Купец приставил ко лбу широкую ладонь, улыбнулся:

— И впрямь земля. Губа Невская. Теперь скоро уж и Орешек, так что, можно сказать, приплыли — вот она, Родина!

— Родина, — тихо повторил Иван, вглядываясь в мутную зеленовато-серую мглу.

Впереди показался низкий берег и устье широкой реки, по обеим сторонам которого виднелись разбросанные там и сям деревни, в большинстве своем — чухонские, но попадались и русские и даже смешанные — не поймешь какие. Места эти издревле принадлежали то новгородцам, то шведам, и население было само себе на уме: примучивали поборами русские — поглядывало в сторону Швеции, ну и, соответственно, наоборот.

— Лодка! — обернувшись, воскликнул Михей. — Кажись, к нам грябают.

— К нам, а то к кому же? — потеребив узкую, по шведской моде бородку, усмехнулся Лаврентий. Сей тихвинский купец и сам был похож на шведа или немца — короткий камзол, плащ, высокие сапоги ботфорты — обычно на невских берегах так и одевались удобства ради.

Вытащив из-за пояса подзорную трубу, Лаврентий приложил ее к правому глазу:

— Точно, лоцманский челн. А вон и Тимоха-лоцман!

— Тимоха?! — радостно переспросил Иван. — Это не с Тихвинского ль посада?

— Оттуль.

— Так я ж его знаю! То знакомец мой давний!

Купец засмеялся:

— Не повезло твоему купцу, господине! Лоцман-то нам ни к чему.

Иван не слушал, просто стоял, улыбаясь, вдыхая полной грудью сырой воздух Балтийского моря. Там, впереди, уже совсем рядом, начиналась родная земля…

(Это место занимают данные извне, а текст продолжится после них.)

section \<open>Lower bound on the optimal divergence\<close>

lemma card_selfinfo_lt_le:
  assumes n: "n \<ge> 1"
  shows "card {x\<in>words L n. selfinfo x < k} \<le> 2 * (c_anticonc / sqrt n) * 2 ^ k"
proof -
  define window where "window j = {x\<in>words L n. j \<le> selfinfo x \<and> selfinfo x < real j + 1}"
    for j :: nat
  have "{x\<in>words L n. selfinfo x < k} \<subseteq> (\<Union>j<k. window j)"
  proof
    fix x assume x: "x \<in> {x\<in>words L n. selfinfo x < k}"
    define j where "j = nat \<lfloor>selfinfo x\<rfloor>"
    have "0 \<le> selfinfo x"
      using x selfinfo_nonneg by blast
    then have "real j = of_int \<lfloor>selfinfo x\<rfloor>"
      by (simp add: j_def)
    then have "real j \<le> selfinfo x" "selfinfo x < real j + 1"
      using floor_correct[of "selfinfo x"] by linarith+
    then have "real j < real k" "x \<in> window j"
      using x by (auto simp: window_def)
    then show "x \<in> (\<Union>j<k. window j)"
      by auto
  qed
  then have "card {x\<in>words L n. selfinfo x < k} \<le> card (\<Union>j<k. window j)"
    by (intro card_mono) (simp_all add: window_def finite_words)
  also have "\<dots> \<le> (\<Sum>j<k. card (window j))"
    by (rule card_UN_le) simp
  finally have "real (card {x\<in>words L n. selfinfo x < k}) \<le> (\<Sum>j<k. real (card (window j)))"
    by (metis of_nat_le_iff of_nat_sum)
  also have "\<dots> \<le> (\<Sum>j<k. 2 ^ Suc j * (c_anticonc / sqrt n))"
  proof (intro sum_mono)
    fix j
    have "card (window j) \<le> 2 powr (real j + 1) * (\<Sum>x\<in>window j. prob x)"
      by (rule card_le_powr_mass) (auto simp: window_def)
    also have "\<dots> \<le> 2 powr (real j + 1) * (c_anticonc / sqrt n)"
      unfolding window_def by (intro mult_left_mono mass_unit_window_le[OF n]) auto
    also have "2 powr (real j + 1) = 2 ^ Suc j"
      by (metis of_nat_Suc powr_realpow add.commute zero_less_numeral)
    finally show "card (window j) \<le> 2 ^ Suc j * (c_anticonc / sqrt n)" .
  qed
  also have "\<dots> \<le> 2 * 2 ^ k * (c_anticonc / sqrt n)"
    using c_anticonc_pos
    by (simp only: sum_distrib_right[symmetric]) (intro mult_right_mono sum_power2_Suc_le, auto)
  finally show ?thesis
    by (simp add: mult_ac)
qed

lemma Dcode_ge_half_log:
  assumes n: "n \<ge> 1" and S: "S \<subseteq> words L n" "S \<noteq> {}"
  shows "log 2 n / 2 - log 2 (2 * c_anticonc) - 3 \<le> Dcode L Q n S"
proof -
  define \<eta> where "\<eta> = 2 * (c_anticonc / sqrt n)"
  have \<eta>: "\<eta> > 0"
    using c_anticonc_pos n by (simp add: \<eta>_def)
  have "- log 2 \<eta> - 3 - max 0 (log 2 (card S / \<eta>)) * 0 / card S \<le> Dcode L Q n S"
  proof (rule Dcode_ge_of_card_bound[OF S \<eta>])
    fix k :: nat
    have "card {x\<in>S. selfinfo x < k} \<le> card {x\<in>words L n. selfinfo x < k}"
      using S by (intro card_mono) (auto simp: finite_words)
    then have "real (card {x\<in>S. selfinfo x < k}) \<le> card {x\<in>words L n. selfinfo x < k}"
      by simp
    also have "\<dots> \<le> \<eta> * 2 ^ k"
      using card_selfinfo_lt_le[OF n, of k] by (simp add: \<eta>_def)
    finally show "card {x\<in>S. selfinfo x < k} \<le> 0 + \<eta> * 2 ^ k"
      by simp
  qed simp
  moreover have "log 2 \<eta> = log 2 (2 * c_anticonc) - log 2 n / 2"
    using c_anticonc_pos n by (simp add: \<eta>_def log_divide log2_sqrt)
  ultimately show ?thesis
    by simp
qed

lemma Dstar_ge_half_log:
  assumes "n \<ge> 1"
  shows "log 2 n / 2 - log 2 (2 * c_anticonc) - 3 \<le> Dstar L Q n"
proof -
  obtain S where "S \<subseteq> words L n" "S \<noteq> {}" "Dstar L Q n = Dcode L Q n S"
    using Dstar_attained a by auto
  then show ?thesis
    using Dcode_ge_half_log[OF assms] by simp
qed

end

theorem theorem3:
  fixes L :: nat and Q :: "nat \<Rightarrow> real"
  assumes pos: "\<forall>a\<in>{1..L}. Q a > 0"
    and pmf: "(\<Sum>a\<in>{1..L}. Q a) = 1"
    and nonunif: "\<exists>a\<in>{1..L}. Q a \<noteq> unif_L L a"
  shows "((\<lambda>n. Dstar L Q n / ((1/2) * log 2 (real n))) \<longlonglongrightarrow> 1) \<and>
         (\<forall>S :: nat \<Rightarrow> nat list set.
           (\<forall>n\<ge>1. S n \<noteq> {} \<and> S n \<subseteq> words L n \<and> Dcode L Q n (S n) = Dstar L Q n) \<longrightarrow>
           (\<lambda>n. log 2 (real (card (S n))) / real n) \<longlonglongrightarrow> entropy_L L Q)"
proof -
  interpret iid_source L Q
    using pos pmf by unfold_locales
  obtain a b where "a \<in> {1..L}" "b \<in> {1..L}" "Q a \<noteq> Q b"
    using obtain_letters_with_different_prob[OF nonunif] .
  then interpret letter_pair L Q a b
    by unfold_locales
  define C where "C = 1 + log 2 (4 * sqrt (2 * variance letter_info) + 6)"
  have upper: "Dstar L Q n \<le> log 2 n / 2 + C" if "n \<ge> 1" for n
    using Dstar_le_half_log[OF that] by (simp add: C_def)
  have "(\<lambda>n. Dstar L Q n / ((1/2) * log 2 (real n))) \<longlonglongrightarrow> 1"
  proof (rule tendsto_ratio_half_log)
    show "log 2 n / 2 - (log 2 (2 * c_anticonc) + 3) \<le> Dstar L Q n" if "n \<ge> 1" for n
      using Dstar_ge_half_log[OF that] by simp
  qed (rule upper)
  moreover have "(\<lambda>n. log 2 (real (card (S n))) / real n) \<longlonglongrightarrow> entropy_L L Q"
    if "\<forall>n\<ge>1. S n \<noteq> {} \<and> S n \<subseteq> words L n \<and> Dcode L Q n (S n) = Dstar L Q n" for S
    using that upper by (intro rate_tendsto_entropy[where C = C]) auto
  ultimately show ?thesis
    by blast
qed

end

Юноша усмехнулся, вспомнив, сколь долог и тернист был пройденный путь. Как, заполучив наконец грамоты, трое приятелей — Иван, Прохор и Митрий — выбирались из Онфлера. Пешком — денег не было — добрались до соседнего Гавра, где швартовались голландские корабли. Повезло — пинк «Герцог Оранский» из Амстердама как раз отправлялся в Швецию, и, если бы имелись средства, то дальнейшая дорога не составила бы никакого труда. Если б имелись… Но таковых, увы, не было, пришлось наниматься матросами…

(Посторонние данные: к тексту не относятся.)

section \<open>Colourings by chains\<close>

definition chain_coloring ::
    "(point \<Rightarrow> nat) \<Rightarrow> (nat \<Rightarrow> point \<Rightarrow> 'b::linorder) \<Rightarrow> point set \<Rightarrow> (point \<Rightarrow> nat) \<Rightarrow> bool" where
  "chain_coloring cls key S c \<longleftrightarrow> finite S \<and>
     (\<forall>j a1 b1 a2 b2. key_convex (key j) {x\<in>S. cls x = j} (rect a1 b1 a2 b2 \<inter> {x\<in>S. cls x = j})) \<and>
     (\<forall>x\<in>S. \<forall>y\<in>S. cls x \<noteq> cls y \<longrightarrow> c x \<noteq> c y) \<and>
     (\<forall>j. interval_unique_max (key j) {x\<in>S. cls x = j} c)"

lemma chain_coloringD:
  assumes "chain_coloring cls key S c"
  shows "finite S"
    and "key_convex (key j) {x\<in>S. cls x = j} (rect a1 b1 a2 b2 \<inter> {x\<in>S. cls x = j})"
    and "x \<in> S \<Longrightarrow> y \<in> S \<Longrightarrow> cls x \<noteq> cls y \<Longrightarrow> c x \<noteq> c y"
    and "interval_unique_max (key j) {x\<in>S. cls x = j} c"
  using assms unfolding chain_coloring_def by blast+

lemma chain_coloring_conflict_free:
  assumes inv: "chain_coloring cls key S c"
  shows "conflict_free_rect S c"
  unfolding conflict_free_rect_def
proof (intro allI impI)
  fix a1 b1 a2 b2
  let ?R = "rect a1 b1 a2 b2"
  assume "?R \<inter> S \<noteq> {}"
  then obtain p where p: "p \<in> ?R \<inter> S" by blast
  let ?C = "{x\<in>S. cls x = cls p}"
  have "?R \<inter> ?C \<subseteq> ?C" "?R \<inter> ?C \<noteq> {}" using p by auto
  then obtain m where m: "m \<in> ?R \<inter> ?C" and max: "\<forall>t\<in>?R \<inter> ?C. t \<noteq> m \<longrightarrow> c t < c m"
    using interval_unique_maxD[OF chain_coloringD(4)[OF inv] _ _ chain_coloringD(2)[OF inv]] by blast
  have "c q \<noteq> c m" if q: "q \<in> ?R \<inter> S" "q \<noteq> m" for q
  proof (cases "cls q = cls p")
    case True
    then show ?thesis using q max by fastforce
  next
    case False
    then show ?thesis using chain_coloringD(3)[OF inv, of q m] q m by auto
  qed
  then show "\<exists>p\<in>?R \<inter> S. \<forall>q\<in>?R \<inter> S. q \<noteq> p \<longrightarrow> c q \<noteq> c p" using m by blast
qed

lemma chain_coloring_recolour_unique_max:
  assumes inv: "chain_coloring cls key S c" and p: "p \<in> S" and q: "cls q = cls p"
    and nb: "{x\<in>S. cls x = cls p} - {p} \<noteq> {} \<Longrightarrow>
      key_neighbour (key (cls p)) ({x\<in>S. cls x = cls p} - {p}) p q"
  shows "interval_unique_max (key j) {x\<in>S - {p}. cls x = j} (c(q := max (c q) (c p)))"
    (is "interval_unique_max _ _ ?c'")
proof (cases "j = cls p")
  case True
  have C: "{x\<in>S - {p}. cls x = cls p} = {x\<in>S. cls x = cls p} - {p}" by auto
  show ?thesis unfolding True C
  proof (cases "{x\<in>S. cls x = cls p} - {p} = {}")
    case True
    show "interval_unique_max (key (cls p)) ({x\<in>S. cls x = cls p} - {p}) ?c'"
      unfolding True by (rule interval_unique_max_empty)
  next
    case False
    show "interval_unique_max (key (cls p)) ({x\<in>S. cls x = cls p} - {p}) ?c'"
      by (rule interval_unique_max_delete[OF chain_coloringD(4)[OF inv]]) (use p nb[OF False] in auto)
  qed
next
  case False
  then have C: "{x\<in>S - {p}. cls x = j} = {x\<in>S. cls x = j}" by auto
  have same: "?c' x = c x" if "x \<in> {x\<in>S. cls x = j}" for x
    using False that q by auto
  show ?thesis unfolding C
    using chain_coloringD(4)[OF inv] by (rule interval_unique_max_strict_mono) (metis same)
qed

lemma chain_coloring_recolour:
  assumes inv: "chain_coloring cls key S c" and p: "p \<in> S" and q: "q \<in> S" "cls q = cls p"
    and nb: "{x\<in>S. cls x = cls p} - {p} \<noteq> {} \<Longrightarrow>
      key_neighbour (key (cls p)) ({x\<in>S. cls x = cls p} - {p}) p q"
  shows "chain_coloring cls key (S - {p}) (c(q := max (c q) (c p)))"
    (is "chain_coloring _ _ _ ?c'")
proof -
  have old_colour: "\<exists>u\<in>S. cls u = cls x \<and> ?c' x = c u" if x: "x \<in> S - {p}" for x
  proof (cases "x = q \<and> c q < c p")
    case True
    then show ?thesis using p q by auto
  next
    case False
    then show ?thesis using x by auto
  qed
  have disjoint: "\<forall>x\<in>S - {p}. \<forall>y\<in>S - {p}. cls x \<noteq> cls y \<longrightarrow> ?c' x \<noteq> ?c' y"
  proof (intro ballI impI)
    fix x y assume x: "x \<in> S - {p}" and y: "y \<in> S - {p}" and "cls x \<noteq> cls y"
    obtain u where "u \<in> S" "cls u = cls x" "?c' x = c u" using old_colour[OF x] by blast
    moreover obtain w where "w \<in> S" "cls w = cls y" "?c' y = c w" using old_colour[OF y] by blast
    ultimately show "?c' x \<noteq> ?c' y"
      using chain_coloringD(3)[OF inv, of u w] \<open>cls x \<noteq> cls y\<close> by auto
  qed
  have convex: "key_convex (key j) {x\<in>S - {p}. cls x = j} (rect a1 b1 a2 b2 \<inter> {x\<in>S - {p}. cls x = j})"
    for j a1 b1 a2 b2
    using chain_coloringD(2)[OF inv] by (rule key_convex_Int_subset) auto
  show ?thesis
    unfolding chain_coloring_def
    using chain_coloringD(1)[OF inv] convex disjoint chain_coloring_recolour_unique_max[OF inv p q(2) nb]
    by simp
qed

lemma chain_coloring_delete:
  assumes inv: "chain_coloring cls key S c" and p: "p \<in> S"
  shows "\<exists>c'. card {x\<in>S - {p}. c' x \<noteq> c x} \<le> 1 \<and> c' ` (S - {p}) \<subseteq> c ` S \<and>
           chain_coloring cls key (S - {p}) c'"
proof -
  define A where "A = {x\<in>S. cls x = cls p}"
  have "finite (A - {p})" "p \<in> A" using chain_coloringD(1)[OF inv] p unfolding A_def by simp_all
  \<comment> \<open>If \<open>p\<close> is alone in its class, \<open>q = p\<close> makes the recolouring trivial.\<close>
  obtain q where q: "q \<in> A" and nb: "A - {p} \<noteq> {} \<Longrightarrow> key_neighbour (key (cls p)) (A - {p}) p q"
  proof (cases "A - {p} = {}")
    case True
    then show ?thesis using that \<open>p \<in> A\<close> by blast
  next
    case False
    then obtain q where "key_neighbour (key (cls p)) (A - {p}) p q"
      using key_neighbour_exists[OF \<open>finite (A - {p})\<close> False] by blast
    moreover from this have "q \<in> A" unfolding key_neighbour_def by blast
    ultimately show ?thesis using that by blast
  qed
  define c' where "c' = c(q := max (c q) (c p))"
  have "card {x\<in>S - {p}. c' x \<noteq> c x} \<le> card {q}"
    by (rule card_mono) (auto simp: c'_def)
  moreover have "c' ` (S - {p}) \<subseteq> c ` S"
    using p q unfolding c'_def A_def by (auto simp: max_def)
  moreover have "chain_coloring cls key (S - {p}) c'"
    unfolding c'_def by (rule chain_coloring_recolour[OF inv p]) (use q nb in \<open>simp_all add: A_def\<close>)
  ultimately show ?thesis by (intro exI[of _ c']) simp
qed

lemma chain_coloring_weak_del:
  assumes "chain_coloring cls key S c" "card (c ` S) \<le> k"
  shows "weak_del k S c"
  using chain_coloringD(1)[OF assms(1)] assms
proof (induction S arbitrary: c rule: finite_psubset_induct)
  case (psubset S)
  show ?case
  proof (rule weak_del.intros)
    show "conflict_free_rect S c" using psubset.prems(1) by (rule chain_coloring_conflict_free)
    show "\<forall>p\<in>S. \<exists>c'. card {q \<in> S - {p}. c' q \<noteq> c q} \<le> 1 \<and> weak_del k (S - {p}) c'"
    proof
      fix p assume p: "p \<in> S"
      obtain c' where c': "card {x\<in>S - {p}. c' x \<noteq> c x} \<le> 1" "c' ` (S - {p}) \<subseteq> c ` S"
        "chain_coloring cls key (S - {p}) c'"
        using chain_coloring_delete[OF psubset.prems(1) p] by blast
      have "card (c' ` (S - {p})) \<le> k"
        using card_mono[OF _ c'(2)] psubset.hyps psubset.prems(2) by fastforce
      then have "weak_del k (S - {p}) c'" using psubset.IH[of "S - {p}"] p c'(3) by blast
      then show "\<exists>c'. card {q \<in> S - {p}. c' q \<noteq> c q} \<le> 1 \<and> weak_del k (S - {p}) c'"
        using c'(1) by blast
    qed
  qed (use psubset in auto)
qed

До Амстердама добрались безо всяких приключений, а вот потом в Северном море попали в жесточайший шторм, из которого уже и не чаяли выбраться. Хорошо — шкипер-голландец оказался бывалым моряком, да и команда видала виды — вырвались, помогла Богородица Тихвинская! Ветер стих, улеглись волны и выглянувшее солнышко ласково осветило синее, быстро успокоившееся море. А уж когда прошли датские проливы и разглядели за бушпритной пеной острые кирхи Стокгольма, радости друзей не было предела! Ведь Стокгольм — это почти что дома.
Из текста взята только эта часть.